Please understand-the louder the noise, the less the truth. The calmer the tone, the greater the honesty.
But then comes the real question: where do you tune in? Do you continue to feed on the official lie, like being spoon-fed dessert after dessert, till you no longer know what vegetables taste like? Or do you use that little gift God gave you—reasoning—and finally choose what makes sense?
Because, my friends, news today is no longer about facts. It is about the kind of person you want to be. Do you want to live in a make-believe world—where everything looks rosy because someone’s painting the roses red on your behalf? Or do you prefer to step into reality, sometimes grey, sometimes harsh, but always truthful?
The choice is yours. The truth will out, as the old saying goes. It always does.
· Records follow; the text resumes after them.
(* Let $f,g\colon (\mathbb C^n,0)\to \mathbb C$ be two germs of analytic functions. If $f$ and $g$ are bi-Lipschitz right-left equivalent, then ${\rm ord}_0(f)={\rm ord}_0(g)$.
   Context: $f$ and $g$ are bi-Lipschitz right-left equivalent if there are germs of bi-Lipschitz homeomorphisms $\varphi\colon(\mathbb C^n,0)\to(\mathbb C^n,0)$ and $\phi\colon(\mathbb C,0)\to(\mathbb C,0)$ with $f=\phi\circ g\circ\varphi$ near $0$. ${\rm ord}_0(f)$ is the smallest $k$ such that the homogeneous degree-$k$ part of the Taylor expansion of $f$ at $0$ is nonzero. *)

theory Defs
  imports "HOL-Analysis.Analysis" "HOL-Library.Extended_Nat"
begin

text \<open>Points of C^n are vectors of type complex^'n (the index type 'n is finite,
  so CARD('n) = n). Multi-indices are functions 'n => nat.\<close>

definition monomial :: "complex ^ 'n \<Rightarrow> ('n \<Rightarrow> nat) \<Rightarrow> complex" where
  "monomial z \<alpha> = (\<Prod>i\<in>UNIV. (z $ i) ^ (\<alpha> i))"

definition mdeg :: "('n::finite \<Rightarrow> nat) \<Rightarrow> nat" where
  "mdeg \<alpha> = (\<Sum>i\<in>UNIV. \<alpha> i)"

definition power_series_at0 :: "(('n::finite \<Rightarrow> nat) \<Rightarrow> complex) \<Rightarrow> (complex ^ 'n \<Rightarrow> complex) \<Rightarrow> bool" where
  "power_series_at0 c f \<longleftrightarrow>
     (\<exists>r>0. \<forall>z. norm z < r \<longrightarrow> ((\<lambda>\<alpha>. c \<alpha> * monomial z \<alpha>) has_sum f z) UNIV)"

definition analytic_germ0 :: "(complex ^ 'n::finite \<Rightarrow> complex) \<Rightarrow> bool" where
  "analytic_germ0 f \<longleftrightarrow> (\<exists>c. power_series_at0 c f)"

text \<open>Taylor coefficients of f at 0 (well defined by uniqueness of power series).\<close>
definition taylor_coeffs0 :: "(complex ^ 'n::finite \<Rightarrow> complex) \<Rightarrow> ('n \<Rightarrow> nat) \<Rightarrow> complex" where
  "taylor_coeffs0 f = (SOME c. power_series_at0 c f)"

definition ord0 :: "(complex ^ 'n::finite \<Rightarrow> complex) \<Rightarrow> enat" where
  "ord0 f = (let c = taylor_coeffs0 f in
     if \<exists>\<alpha>. c \<alpha> \<noteq> 0 then enat (LEAST k. \<exists>\<alpha>. mdeg \<alpha> = k \<and> c \<alpha> \<noteq> 0) else \<infinity>)"

definition bilip_homeo_germ0 :: "('a::real_normed_vector \<Rightarrow> 'a) \<Rightarrow> bool" where
  "bilip_homeo_germ0 h \<longleftrightarrow> h 0 = 0 \<and>
     (\<exists>U K. open U \<and> 0 \<in> U \<and> inj_on h U \<and> open (h ` U) \<and> K > 0 \<and>
        (\<forall>x\<in>U. \<forall>y\<in>U. dist x y \<le> K * dist (h x) (h y) \<and> dist (h x) (h y) \<le> K * dist x y))"

text \<open>Bi-Lipschitz right-left equivalence of germs f, g : (C^n,0) -> (C,0):
  f = phi o g o varphi as germs at 0. The germs take the value 0 at 0, which is
  needed for the composition with a germ phi : (C,0) -> (C,0) to make sense.\<close>
definition bilip_RL_equiv :: "(complex ^ 'n::finite \<Rightarrow> complex) \<Rightarrow> (complex ^ 'n \<Rightarrow> complex) \<Rightarrow> bool" where
  "bilip_RL_equiv f g \<longleftrightarrow> f 0 = 0 \<and> g 0 = 0 \<and>
     (\<exists>\<phi>\<^sub>1 \<phi>\<^sub>2. bilip_homeo_germ0 \<phi>\<^sub>1 \<and> bilip_homeo_germ0 (\<phi>\<^sub>2 :: complex \<Rightarrow> complex) \<and>
        (\<forall>\<^sub>F z in nhds 0. f z = \<phi>\<^sub>2 (g (\<phi>\<^sub>1 z))))"

end

(*
  For an analytic germ f, ord_0 f >= k holds exactly when |f z| = O(|z|^k) as z -> 0.
  One direction bounds the tail of the Taylor series. For the other, let m = |alpha| < k and
  average f(z) z^(-alpha) over the points of the torus |z_i| = rho whose coordinates are rho times
  (m+1)-st roots of unity: by the Taylor expansion the average is c_alpha + O(rho^(m+1)), by the
  growth bound it is O(rho^(k-m)), so c_alpha = 0.
  The condition |f z| = O(|z|^k) is preserved by composing with maps that are Lipschitz at 0 on
  either side, and the relation f = phi2 o g o phi1 can be inverted to g = psi2 o f o psi1 with
  bi-Lipschitz psi1, psi2. Hence f and g satisfy the same growth conditions and have the same order.
*)
theory Submission
  imports Defs "HOL-Library.Landau_Symbols" "HOL-Library.Real_Mod"
begin

lemma has_sum_sum:
  fixes f :: "'i \<Rightarrow> 'a \<Rightarrow> 'b::topological_comm_monoid_add"
  assumes "finite I" "\<And>i. i \<in> I \<Longrightarrow> (f i has_sum s i) A"
  shows "((\<lambda>x. \<Sum>i\<in>I. f i x) has_sum (\<Sum>i\<in>I. s i)) A"
  using assms by (induction I rule: finite_induct) (simp_all add: has_sum_add)

lemma norm_has_sum_le:
  fixes f :: "'a \<Rightarrow> 'b::banach"
  assumes f: "(f has_sum a) A" and g: "(g has_sum b) A"
    and le: "\<And>x. x \<in> A \<Longrightarrow> norm (f x) \<le> g x"
  shows "norm a \<le> b"
proof -
  have summable: "(\<lambda>x. norm (f x)) summable_on A"
    by (rule summable_on_comparison_test[OF has_sum_imp_summable[OF g]]) (auto intro: le)
  have "norm a = norm (infsum f A)"
    using f by (simp add: infsumI)
  also have "\<dots> \<le> infsum (\<lambda>x. norm (f x)) A"
    by (rule norm_infsum_bound[OF summable])
  also have "\<dots> \<le> infsum g A"
    by (rule infsum_mono[OF summable has_sum_imp_summable[OF g]]) (auto intro: le)
  also have "\<dots> = b"
    using g by (simp add: infsumI)
  finally show ?thesis .
qed

lemma enat_eqI_enat_le:
  fixes a b :: enat
  assumes "\<And>k. enat k \<le> a \<longleftrightarrow> enat k \<le> b"
  shows "a = b"
proof (cases a)
  case (enat x)
  then have "enat x \<le> b" "\<not> enat (Suc x) \<le> b"
    using assms[of x] assms[of "Suc x"] by auto
  then show ?thesis using enat by (cases b) auto
next
  case infinity
  then have "enat k \<le> b" for k using assms by simp
  then show ?thesis using infinity by (cases b) (auto, metis Suc_n_not_le_n)
qed

lemma norm_vec_le_card_mult:
  fixes x :: "'a::real_normed_vector ^ 'n"
  assumes "\<And>i. norm (x $ i) \<le> b"
  shows "norm x \<le> real CARD('n) * b"
proof -
  have "norm x \<le> (\<Sum>i\<in>UNIV. norm (x $ i))"
    by (simp add: norm_vec_def L2_set_le_sum)
  also have "\<dots> \<le> real CARD('n) * b"
    using sum_mono[of UNIV "\<lambda>i. norm (x $ i)" "\<lambda>_. b"] assms by simp
  finally show ?thesis .
qed

lemma tendsto_0_if_norm_bigo:
  fixes g :: "'a \<Rightarrow> real"
  assumes "(\<lambda>x. norm (f x)) \<in> O[F](g)" and "(g \<longlongrightarrow> 0) F"
  shows "(f \<longlongrightarrow> 0) F"
proof -
  obtain c where c: "\<forall>\<^sub>F x in F. norm (norm (f x)) \<le> c * norm (g x)"
    using assms(1) by (elim landau_o.bigE)
  have "\<forall>\<^sub>F x in F. norm (f x) \<le> c * \<bar>g x\<bar>"
    using c by (rule eventually_mono) simp
  moreover have "((\<lambda>x. c * \<bar>g x\<bar>) \<longlongrightarrow> 0) F"
    by (intro tendsto_mult_right_zero tendsto_rabs_zero assms(2))
  ultimately show ?thesis
    by (rule Lim_null_comparison)
qed

lemma norm_monomial_le: "norm (monomial z \<alpha>) \<le> norm z ^ mdeg \<alpha>"
proof -
  have "norm (monomial z \<alpha>) = (\<Prod>i\<in>UNIV. norm (z $ i) ^ \<alpha> i)"
    by (simp add: monomial_def prod_norm[symmetric] norm_power)
  also have "\<dots> \<le> (\<Prod>i\<in>UNIV. norm z ^ \<alpha> i)"
    by (intro prod_mono conjI power_mono) (auto simp: Finite_Cartesian_Product.norm_nth_le)
  also have "\<dots> = norm z ^ mdeg \<alpha>"
    by (simp add: mdeg_def power_sum)
  finally show ?thesis .
qed

lemma monomial_const_vec: "monomial (\<chi> i. c) \<alpha> = c ^ mdeg \<alpha>"
  by (simp add: monomial_def mdeg_def power_sum)

lemma monomial_0: "monomial 0 \<alpha> = (if \<alpha> = (\<lambda>_. 0) then 1 else 0)"
  by (auto simp: monomial_def prod_zero_iff)

lemma mdeg_eq_0_iff: "mdeg \<alpha> = 0 \<longleftrightarrow> \<alpha> = (\<lambda>_. 0)"
  by (auto simp: mdeg_def)

lemma le_mdeg: "\<alpha> i \<le> mdeg \<alpha>"
  unfolding mdeg_def by (rule member_le_sum) auto

lemma power_series_abs_summable:
  fixes c :: "('n::finite \<Rightarrow> nat) \<Rightarrow> complex"
  assumes series: "\<forall>z. norm z < r \<longrightarrow> ((\<lambda>\<alpha>. c \<alpha> * monomial z \<alpha>) has_sum f z) UNIV"
    and "r > 0"
  obtains \<rho> M where "0 < \<rho>" "\<rho> < r" "real CARD('n) * \<rho> < r" "0 \<le> M"
    and "((\<lambda>\<alpha>. norm (c \<alpha>) * \<rho> ^ mdeg \<alpha>) has_sum M) UNIV"
proof -
  define \<rho> where "\<rho> = r / (real CARD('n) + 1)"
  have \<rho>: "0 < \<rho>" "\<rho> < r" "real CARD('n) * \<rho> < r"
    using \<open>r > 0\<close> by (auto simp: \<rho>_def field_simps)
  define p :: "complex ^ 'n" where "p = (\<chi> i. complex_of_real \<rho>)"
  have "norm p < r"
    using \<rho> norm_vec_le_card_mult[of p \<rho>] by (simp add: p_def)
  then have "(\<lambda>\<alpha>. c \<alpha> * monomial p \<alpha>) summable_on UNIV"
    using series has_sum_imp_summable by blast
  then have "(\<lambda>\<alpha>. norm (c \<alpha> * monomial p \<alpha>)) summable_on UNIV"
    by (metis summable_on_iff_abs_summable_on_complex)
  then have "(\<lambda>\<alpha>. norm (c \<alpha>) * \<rho> ^ mdeg \<alpha>) summable_on UNIV"
    using \<rho> by (simp add: p_def monomial_const_vec norm_mult norm_power)
  moreover have "0 \<le> infsum (\<lambda>\<alpha>. norm (c \<alpha>) * \<rho> ^ mdeg \<alpha>) UNIV"
    using \<rho> by (intro infsum_nonneg) simp
  ultimately show ?thesis
    using that \<rho> has_sum_infsum by blast
qed

lemma power_series_bigo_if_low_coeffs_vanish:
  fixes c :: "('n::finite \<Rightarrow> nat) \<Rightarrow> complex"
  assumes series: "\<forall>z. norm z < r \<longrightarrow> ((\<lambda>\<alpha>. c \<alpha> * monomial z \<alpha>) has_sum f z) UNIV"
    and "r > 0" and vanish: "\<forall>\<alpha>. mdeg \<alpha> < k \<longrightarrow> c \<alpha> = 0"
  shows "(\<lambda>z. norm (f z)) \<in> O[nhds 0](\<lambda>z. norm z ^ k)"
proof -
  obtain \<rho> M where \<rho>: "0 < \<rho>" "\<rho> < r"
    and M: "((\<lambda>\<alpha>. norm (c \<alpha>) * \<rho> ^ mdeg \<alpha>) has_sum M) UNIV"
    using power_series_abs_summable[OF series \<open>r > 0\<close>] by blast
  have bound: "norm (f z) \<le> M / \<rho> ^ k * norm z ^ k" if z: "z \<in> ball 0 \<rho>" for z
  proof -
    define t where "t = norm z / \<rho>"
    have t: "0 \<le> t" "t \<le> 1"
      using z \<rho> by (auto simp: t_def)
    have "norm (c \<alpha> * monomial z \<alpha>) \<le> norm (c \<alpha>) * \<rho> ^ mdeg \<alpha> * t ^ k" for \<alpha>
    proof (cases "mdeg \<alpha> < k")
      case False
      have "norm (c \<alpha> * monomial z \<alpha>) \<le> norm (c \<alpha>) * (\<rho> ^ mdeg \<alpha> * t ^ mdeg \<alpha>)"
        using \<rho> by (simp add: norm_mult mult_left_mono norm_monomial_le t_def power_divide)
      also have "\<dots> \<le> norm (c \<alpha>) * (\<rho> ^ mdeg \<alpha> * t ^ k)"
        using False t \<rho> by (intro mult_left_mono power_decreasing) auto
      finally show ?thesis by (simp add: mult.assoc)
    qed (use vanish in simp)
    moreover have "((\<lambda>\<alpha>. c \<alpha> * monomial z \<alpha>) has_sum f z) UNIV"
      using series z \<rho> by simp
    ultimately have "norm (f z) \<le> M * t ^ k"
      by (intro norm_has_sum_le[OF _ has_sum_cmult_left[OF M]])
    then show ?thesis by (simp add: t_def power_divide)
  qed
  have "\<forall>\<^sub>F z in nhds 0. norm (norm (f z)) \<le> M / \<rho> ^ k * norm (norm z ^ k)"
    using eventually_nhds_ball[OF \<rho>(1)] by (rule eventually_mono) (use bound in auto)
  then show ?thesis
    by (rule bigoI)
qed

lemma sum_roots_of_unity_power:
  assumes "N > 0"
  shows "(\<Sum>j<N. cis (2 * pi * real j * of_int d / real N)) = (if int N dvd d then of_nat N else 0)"
proof -
  define x where "x = cis (2 * pi * of_int d / real N)"
  have power: "cis (2 * pi * real j * of_int d / real N) = x ^ j" for j
    unfolding x_def Complex.DeMoivre by (simp add: field_simps)
  show ?thesis
  proof (cases "int N dvd d")
    case True
    then obtain q where "d = int N * q" by blast
    then have "2 * pi * of_int d / real N = 2 * pi * of_int q"
      using assms by simp
    then have "x = 1"
      unfolding x_def by (simp only:) (rule cis_multiple_2pi, simp)
    then show ?thesis using True by (simp add: power)
  next
    case False
    have "x \<noteq> 1"
    proof
      assume "x = 1"
      then obtain q where "2 * pi * of_int d / real N = of_int q * (2 * pi)"
        unfolding x_def cis_eq_1_iff by blast
      then have "of_int d = (of_int (int N * q) :: real)"
        using assms by (simp add: field_simps)
      then show False using False by (metis dvd_triv_left of_int_eq_iff)
    qed
    moreover have "x ^ N = 1"
      using assms by (simp add: x_def Complex.DeMoivre)
    ultimately show ?thesis
      using False by (simp add: power geometric_sum)
  qed
qed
But whether you’ll see it when it does—well, that depends on whether you’re still glued to that redundant channel with its thunderous voices, or you’ve had the courage to hear the voice of a lone man or woman daring to speak the truth.
So as you sit down with your remote in one hand and your conscience in the other, ask yourself: Am I switching on the lie, or tuning in to the truth?
Because there’s no ‘official’ truth anymore..!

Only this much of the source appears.